AIM OF THE TASK: Copy all lines containing the string "assumes" from the records below.

═══ PROVIDED MATERIAL

(* Let $A\in\mathcal S_{0,1}$. Then $LJ=J$ and $L(i_VF)=\frac12 i_VF$ for every $V\in\mathbb R^n$.
   Context: $G\subset SO(r)$ compact with Lie algebra $\mathfrak g$; $E$ the trivial $G$-vector bundle over $\mathbb R^n$. Connection $A=A_idx^i$, curvature $F_{ij}=\partial_iA_j-\partial_jA_i+[A_i,A_j]$; repeated indices summed; $\nabla_pT=\partial_pT+[A_p,T]$. $J=\nabla_pF_{pj}dx^j$, $i_VF=V^pF_{pj}dx^j$. $\mathcal S_{0,1}$: connections with $\nabla_pF_{pj}-\frac12x^pF_{pj}=0$ for all $j$ and $\sup|\nabla^kA|<\infty$ for all $k\ge1$. For a $\mathfrak g$-valued 1-form $\theta$: $((d^\nabla)^*d^\nabla\theta)_j=-\nabla_p(\nabla_p\theta_j-\nabla_j\theta_p)$, $\mathcal R(\theta)_j=[F_{pj},\theta_p]$, $(i_{x/2}d^\nabla\theta)_j=\frac12x^k(\nabla_k\theta_j-\nabla_j\theta_k)$, and $L\theta=-[(d^\nabla)^*d^\nabla\theta+\mathcal R(\theta)+i_{x/2}d^\nabla\theta]$. *)

theory Defs
  imports "HOL-Analysis.Analysis"
begin

type_synonym ('r) mat = "real^'r^'r"

fun matpow :: "real^'r^'r \<Rightarrow> nat \<Rightarrow> real^'r^'r" where
  "matpow X 0 = mat 1"
| "matpow X (Suc k) = X ** matpow X k"

definition mexp :: "real^'r^'r \<Rightarrow> real^'r^'r" where
  "mexp X = (\<Sum>k. (1 / fact k) *\<^sub>R matpow X k)"

definition SO :: "(real^'r^'r) set" where
  "SO = {M. transpose M ** M = mat 1 \<and> det M = 1}"

text \<open>A compact subgroup of SO(r): a closed subgroup (closed subsets of the compact SO(r)
  are compact, and closed subgroups are Lie groups).\<close>
definition compact_subgroup_SO :: "(real^'r^'r) set \<Rightarrow> bool" where
  "compact_subgroup_SO G \<longleftrightarrow> G \<subseteq> SO \<and> mat 1 \<in> G \<and>
     (\<forall>M\<in>G. \<forall>N\<in>G. M ** N \<in> G) \<and> (\<forall>M\<in>G. matrix_inv M \<in> G) \<and> compact G"

definition lie_algebra :: "(real^'r^'r) set \<Rightarrow> (real^'r^'r) set" where
  "lie_algebra G = {X. \<forall>t::real. mexp (t *\<^sub>R X) \<in> G}"

definition br :: "real^'r^'r \<Rightarrow> real^'r^'r \<Rightarrow> real^'r^'r" where
  "br X Y = X ** Y - Y ** X"

definition pd :: "'n::finite \<Rightarrow> (real^'n \<Rightarrow> 'b::real_normed_vector) \<Rightarrow> real^'n \<Rightarrow> 'b" where
  "pd i f x = frechet_derivative f (at x) (axis i 1)"

fun iterpd :: "'n::finite list \<Rightarrow> (real^'n \<Rightarrow> 'b::real_normed_vector) \<Rightarrow> real^'n \<Rightarrow> 'b" where
  "iterpd [] f = f"
| "iterpd (i # is) f = pd i (iterpd is f)"

definition smooth_fun :: "(real^'n::finite \<Rightarrow> 'b::real_normed_vector) \<Rightarrow> bool" where
  "smooth_fun f \<longleftrightarrow> (\<forall>is x. iterpd is f differentiable (at x))"

text \<open>A connection A = A_i dx^i on the trivial bundle over R^n: A i x \<in> g.\<close>

definition curv :: "('n::finite \<Rightarrow> real^'n \<Rightarrow> real^'r^'r) \<Rightarrow> 'n \<Rightarrow> 'n \<Rightarrow> real^'n \<Rightarrow> real^'r^'r" where
  "curv A i j x = pd i (A j) x - pd j (A i) x + br (A i x) (A j x)"

definition cov :: "('n::finite \<Rightarrow> real^'n \<Rightarrow> real^'r^'r) \<Rightarrow> 'n \<Rightarrow> (real^'n \<Rightarrow> real^'r^'r) \<Rightarrow> real^'n \<Rightarrow> real^'r^'r" where
  "cov A p T x = pd p T x + br (A p x) (T x)"

definition Jform :: "('n::finite \<Rightarrow> real^'n \<Rightarrow> real^'r^'r) \<Rightarrow> 'n \<Rightarrow> real^'n \<Rightarrow> real^'r^'r" where
  "Jform A j x = (\<Sum>p\<in>UNIV. cov A p (curv A p j) x)"

definition iF :: "('n::finite \<Rightarrow> real^'n \<Rightarrow> real^'r^'r) \<Rightarrow> real^'n \<Rightarrow> 'n \<Rightarrow> real^'n \<Rightarrow> real^'r^'r" where
  "iF A V j x = (\<Sum>p\<in>UNIV. (V $ p) *\<^sub>R curv A p j x)"

definition S01 :: "(real^'r^'r) set \<Rightarrow> ('n::finite \<Rightarrow> real^'n \<Rightarrow> real^'r^'r) \<Rightarrow> bool" where
  "S01 g A \<longleftrightarrow>
     (\<forall>i x. A i x \<in> g) \<and> (\<forall>i. smooth_fun (A i)) \<and>
     (\<forall>j x. Jform A j x - (1/2) *\<^sub>R (\<Sum>p\<in>UNIV. (x $ p) *\<^sub>R curv A p j x) = 0) \<and>
     (\<forall>is i. is \<noteq> [] \<longrightarrow> bounded (range (iterpd is (A i))))"

definition dstard :: "('n::finite \<Rightarrow> real^'n \<Rightarrow> real^'r^'r) \<Rightarrow> ('n \<Rightarrow> real^'n \<Rightarrow> real^'r^'r) \<Rightarrow> 'n \<Rightarrow> real^'n \<Rightarrow> real^'r^'r" where
  "dstard A \<theta> j x = - (\<Sum>p\<in>UNIV. cov A p (\<lambda>y. cov A p (\<theta> j) y - cov A j (\<theta> p) y) x)"

definition Rop :: "('n::finite \<Rightarrow> real^'n \<Rightarrow> real^'r^'r) \<Rightarrow> ('n \<Rightarrow> real^'n \<Rightarrow> real^'r^'r) \<Rightarrow> 'n \<Rightarrow> real^'n \<Rightarrow> real^'r^'r" where
  "Rop A \<theta> j x = (\<Sum>p\<in>UNIV. br (curv A p j x) (\<theta> p x))"

definition ixd :: "('n::finite \<Rightarrow> real^'n \<Rightarrow> real^'r^'r) \<Rightarrow> ('n \<Rightarrow> real^'n \<Rightarrow> real^'r^'r) \<Rightarrow> 'n \<Rightarrow> real^'n \<Rightarrow> real^'r^'r" where
  "ixd A \<theta> j x = (1/2) *\<^sub>R (\<Sum>k\<in>UNIV. (x $ k) *\<^sub>R (cov A k (\<theta> j) x - cov A j (\<theta> k) x))"

definition Lop :: "('n::finite \<Rightarrow> real^'n \<Rightarrow> real^'r^'r) \<Rightarrow> ('n \<Rightarrow> real^'n \<Rightarrow> real^'r^'r) \<Rightarrow> 'n \<Rightarrow> real^'n \<Rightarrow> real^'r^'r" where
  "Lop A \<theta> j x = - (dstard A \<theta> j x + Rop A \<theta> j x + ixd A \<theta> j x)"

end

theory Submission
  imports Defs
begin

(*
  Both forms are of the shape theta = i_W F with the affine vector field W(x) = V + b x:
  i_V F has b = 0, and the soliton equation says J = i_(x/2) F, i.e. V = 0, b = 1/2.
  For such theta the second Bianchi identity gives (d theta)_kj = 2b F_kj + W^p nabla_p F_kj.
  Applying nabla_k, the Ricci identity turns W^p nabla_k nabla_p F_kj into
  W^p (nabla_p J_j + [F_kp, F_kj]); the bracket term cancels R(theta), and differentiating
  the soliton equation gives nabla_p J_j = 1/2 F_pj + 1/2 x^q nabla_p F_qj.  Collecting terms,
  L theta = b J + 1/2 theta, which is J for theta = J and 1/2 i_V F for theta = i_V F.
  The argument is pointwise and uses only smoothness of A and the soliton equation.
*)

lemma pd_eq: "(f has_derivative D) (at x) \<Longrightarrow> pd i f x = D (axis i 1)"
  unfolding pd_def using frechet_derivative_at by metis

lemma pd_add:
  assumes "f differentiable (at x)" and "g differentiable (at x)"
  shows "pd i (\<lambda>y. f y + g y) x = pd i f x + pd i g x"
  using pd_eq[OF has_derivative_add[OF assms[unfolded frechet_derivative_works]]]
  by (simp add: pd_def)

lemma pd_diff:
  assumes "f differentiable (at x)" and "g differentiable (at x)"
  shows "pd i (\<lambda>y. f y - g y) x = pd i f x - pd i g x"
  using pd_eq[OF has_derivative_diff[OF assms[unfolded frechet_derivative_works]]]
  by (simp add: pd_def)

lemma pd_sum:
  assumes "\<And>p. p \<in> S \<Longrightarrow> f p differentiable (at x)"
  shows "pd i (\<lambda>y. \<Sum>p\<in>S. f p y) x = (\<Sum>p\<in>S. pd i (f p) x)"
  using pd_eq[OF has_derivative_sum[OF assms[unfolded frechet_derivative_works]]]
  by (simp add: pd_def)

lemma pd_bounded_linear:
  assumes "bounded_linear L" and "f differentiable (at x)"
  shows "pd i (\<lambda>y. L (f y)) x = L (pd i f x)"
  using pd_eq[OF bounded_linear.has_derivative[OF assms(1) assms(2)[unfolded frechet_derivative_works]]]
  by (simp add: pd_def)

lemma pd_bounded_bilinear:
  fixes prod :: "'a::real_normed_vector \<Rightarrow> 'b::real_normed_vector \<Rightarrow> 'c::real_normed_vector"
  assumes "bounded_bilinear prod" and "f differentiable (at x)" and "g differentiable (at x)"
  shows "pd i (\<lambda>y. prod (f y) (g y)) x = prod (pd i f x) (g x) + prod (f x) (pd i g x)"
  using pd_eq[OF bounded_bilinear.FDERIV[OF assms(1) assms(2,3)[unfolded frechet_derivative_works]]]
  by (simp add: pd_def add.commute)

lemma pd_const [simp]: "pd i (\<lambda>y. c) = (\<lambda>x. 0)"
  by (simp add: pd_def fun_eq_iff)

lemma has_derivative_affine_component:
  fixes b :: real
  shows "((\<lambda>y. V $ p + b * y $ p) has_derivative (\<lambda>h. b * h $ p)) (at x)"
  using bounded_linear_compose[OF bounded_linear_mult_right bounded_linear_vec_nth, of b p]
  by (auto intro!: derivative_eq_intros bounded_linear_imp_has_derivative)

lemma pd_affine_component:
  fixes b :: real
  shows "pd i (\<lambda>y. V $ p + b * y $ p) = (\<lambda>x. if i = p then b else 0)"
  by (simp add: fun_eq_iff pd_eq[OF has_derivative_affine_component] axis_def)

lemma differentiable_bounded_bilinear:
  fixes prod :: "'a::real_normed_vector \<Rightarrow> 'b::real_normed_vector \<Rightarrow> 'c::real_normed_vector"
  assumes "bounded_bilinear prod" and "f differentiable (at x)" and "g differentiable (at x)"
  shows "(\<lambda>y. prod (f y) (g y)) differentiable (at x)"
  using assms bounded_bilinear.FDERIV[OF assms(1)] unfolding differentiable_def by blast

lemma differentiable_bounded_linear:
  "bounded_linear L \<Longrightarrow> f differentiable (at x) \<Longrightarrow> (\<lambda>y. L (f y)) differentiable (at x)"
  unfolding differentiable_def using bounded_linear.has_derivative by blast

lemma iterpd_append: "iterpd (is @ js) f = iterpd is (iterpd js f)"
  by (induction "is") auto

definition smooth_upto :: "nat \<Rightarrow> (real^'n::finite \<Rightarrow> 'b::real_normed_vector) \<Rightarrow> bool" where
  "smooth_upto n f \<longleftrightarrow> (\<forall>is x. length is \<le> n \<longrightarrow> iterpd is f differentiable (at x))"

lemma smooth_upto_0: "smooth_upto 0 f \<longleftrightarrow> (\<forall>x. f differentiable (at x))"
  by (simp add: smooth_upto_def)

lemma smooth_upto_Suc:
  fixes f :: "real^'n::finite \<Rightarrow> 'b::real_normed_vector"
  shows "smooth_upto (Suc n) f \<longleftrightarrow> (\<forall>x. f differentiable (at x)) \<and> (\<forall>i. smooth_upto n (pd i f))"
proof
  assume f: "smooth_upto (Suc n) f"
  have "iterpd is (pd i f) differentiable (at x)" if "length is \<le> n" for "is" i x
    using f that unfolding smooth_upto_def by (metis iterpd_append iterpd.simps length_append_singleton
        Suc_le_mono)
  moreover have "f differentiable (at x)" for x
    using f unfolding smooth_upto_def by (metis iterpd.simps(1) list.size(3) le0)
  ultimately show "(\<forall>x. f differentiable (at x)) \<and> (\<forall>i. smooth_upto n (pd i f))"
    by (simp add: smooth_upto_def)
next
  assume f: "(\<forall>x. f differentiable (at x)) \<and> (\<forall>i. smooth_upto n (pd i f))"
  show "smooth_upto (Suc n) f"
    unfolding smooth_upto_def
  proof (intro allI impI)
    fix "is" :: "'n list" and x
    assume "length is \<le> Suc n"
    with f show "iterpd is f differentiable (at x)"
      by (cases "is" rule: rev_cases) (auto simp: iterpd_append smooth_upto_def)
  qed
qed

lemma smooth_fun_iff_smooth_upto: "smooth_fun f \<longleftrightarrow> (\<forall>n. smooth_upto n f)"
  unfolding smooth_fun_def smooth_upto_def by auto

lemma smooth_upto_Suc_imp: "smooth_upto (Suc n) f \<Longrightarrow> smooth_upto n f"
  unfolding smooth_upto_def by auto

lemma smooth_upto_add:
  "smooth_upto n f \<Longrightarrow> smooth_upto n g \<Longrightarrow> smooth_upto n (\<lambda>y. f y + g y)"
proof (induction n arbitrary: f g)
  case 0
  then show ?case by (simp add: smooth_upto_0)
next
  case (Suc n)
  then have "\<And>x. f differentiable (at x)" "\<And>x. g differentiable (at x)"
    by (auto simp: smooth_upto_Suc)
  then have "pd i (\<lambda>y. f y + g y) = (\<lambda>x. pd i f x + pd i g x)" for i
    by (simp add: fun_eq_iff pd_add)
  with Suc show ?case by (auto simp: smooth_upto_Suc)
qed

lemma smooth_upto_bounded_linear:
  fixes L :: "'a::real_normed_vector \<Rightarrow> 'b::real_normed_vector"
  assumes L: "bounded_linear L"
  shows "smooth_upto n f \<Longrightarrow> smooth_upto n (\<lambda>y. L (f y))"
proof (induction n arbitrary: f)
  case 0
  then show ?case by (simp add: smooth_upto_0 differentiable_bounded_linear[OF L])
next
  case (Suc n)
  then have "\<And>x. f differentiable (at x)"
    by (auto simp: smooth_upto_Suc)
  then have "pd i (\<lambda>y. L (f y)) = (\<lambda>x. L (pd i f x))" for i
    by (simp add: fun_eq_iff pd_bounded_linear[OF L])
  with Suc show ?case
    by (auto simp: smooth_upto_Suc differentiable_bounded_linear[OF L])
qed

lemma smooth_upto_const: "smooth_upto n (\<lambda>y. c)"
  by (induction n arbitrary: c) (auto simp: smooth_upto_0 smooth_upto_Suc)

lemma smooth_upto_bounded_bilinear:
  fixes prod :: "'a::real_normed_vector \<Rightarrow> 'b::real_normed_vector \<Rightarrow> 'c::real_normed_vector"
  assumes bb: "bounded_bilinear prod"
  shows "smooth_upto n f \<Longrightarrow> smooth_upto n g \<Longrightarrow> smooth_upto n (\<lambda>y. prod (f y) (g y))"
proof (induction n arbitrary: f g)
  case 0
  then show ?case by (simp add: smooth_upto_0 differentiable_bounded_bilinear[OF bb])
next
  case (Suc n)
  then have df: "\<And>x. f differentiable (at x)" and dg: "\<And>x. g differentiable (at x)"
    and pf: "\<And>i. smooth_upto n (pd i f)" and pg: "\<And>i. smooth_upto n (pd i g)"
    by (auto simp: smooth_upto_Suc)
  have "pd i (\<lambda>y. prod (f y) (g y)) = (\<lambda>x. prod (pd i f x) (g x) + prod (f x) (pd i g x))" for i
    by (simp add: fun_eq_iff pd_bounded_bilinear[OF bb df dg])
  moreover have "smooth_upto n (\<lambda>x. prod (pd i f x) (g x) + prod (f x) (pd i g x))" for i
    by (intro smooth_upto_add Suc.IH pf pg smooth_upto_Suc_imp[OF Suc.prems(1)]
        smooth_upto_Suc_imp[OF Suc.prems(2)])
  ultimately show ?case
    by (simp add: smooth_upto_Suc differentiable_bounded_bilinear[OF bb df dg])
qed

══════

RESPONSE TO THE TASK:
  assumes "f differentiable (at x)" and "g differentiable (at x)"
  assumes "f differentiable (at x)" and "g differentiable (at x)"
  assumes "\<And>p. p \<in> S \<Longrightarrow> f p differentiable (at x)"
  assumes "bounded_linear L" and "f differentiable (at x)"
  assumes "bounded_bilinear prod" and "f differentiable (at x)" and "g differentiable (at x)"
  assumes "bounded_bilinear prod" and "f differentiable (at x)" and "g differentiable (at x)"
  assumes L: "bounded_linear L"
  assumes bb: "bounded_bilinear prod"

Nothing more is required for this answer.